─── RECORDS FOR THIS TASK ───

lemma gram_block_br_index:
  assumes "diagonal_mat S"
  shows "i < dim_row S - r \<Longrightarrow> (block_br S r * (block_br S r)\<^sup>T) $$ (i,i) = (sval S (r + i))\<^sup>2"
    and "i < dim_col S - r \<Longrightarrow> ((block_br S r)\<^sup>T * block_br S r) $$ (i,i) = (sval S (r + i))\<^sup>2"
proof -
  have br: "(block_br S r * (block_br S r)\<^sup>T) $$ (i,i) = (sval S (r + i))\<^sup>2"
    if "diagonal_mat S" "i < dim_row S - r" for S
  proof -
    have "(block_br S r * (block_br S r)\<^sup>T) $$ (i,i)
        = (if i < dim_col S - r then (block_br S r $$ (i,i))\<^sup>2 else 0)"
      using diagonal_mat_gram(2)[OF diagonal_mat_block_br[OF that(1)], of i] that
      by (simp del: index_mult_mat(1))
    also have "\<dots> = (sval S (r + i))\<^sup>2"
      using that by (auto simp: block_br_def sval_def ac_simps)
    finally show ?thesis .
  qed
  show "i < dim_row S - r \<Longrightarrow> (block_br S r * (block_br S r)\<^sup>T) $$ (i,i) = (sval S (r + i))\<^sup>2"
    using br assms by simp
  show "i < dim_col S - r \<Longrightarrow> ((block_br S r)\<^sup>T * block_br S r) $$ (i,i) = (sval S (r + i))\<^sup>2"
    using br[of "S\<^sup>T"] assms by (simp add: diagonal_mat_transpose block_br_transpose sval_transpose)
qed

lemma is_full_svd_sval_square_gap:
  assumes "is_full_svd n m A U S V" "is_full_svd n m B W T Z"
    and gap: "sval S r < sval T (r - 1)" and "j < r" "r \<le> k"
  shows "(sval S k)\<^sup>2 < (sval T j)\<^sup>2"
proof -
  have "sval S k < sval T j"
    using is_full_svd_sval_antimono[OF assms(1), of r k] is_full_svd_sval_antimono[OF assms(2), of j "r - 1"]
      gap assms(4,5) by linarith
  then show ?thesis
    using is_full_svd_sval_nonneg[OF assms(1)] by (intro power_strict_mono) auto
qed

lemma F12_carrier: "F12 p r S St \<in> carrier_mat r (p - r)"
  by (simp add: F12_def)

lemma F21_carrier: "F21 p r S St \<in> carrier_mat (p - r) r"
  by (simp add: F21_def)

───

◆ DESCRIPTION OF THE TASK ◆
In the entries above, how many lines include the word "simp"? Only the number should be given.

◆ SOLUTION FOR THIS PROBLEM ◆
6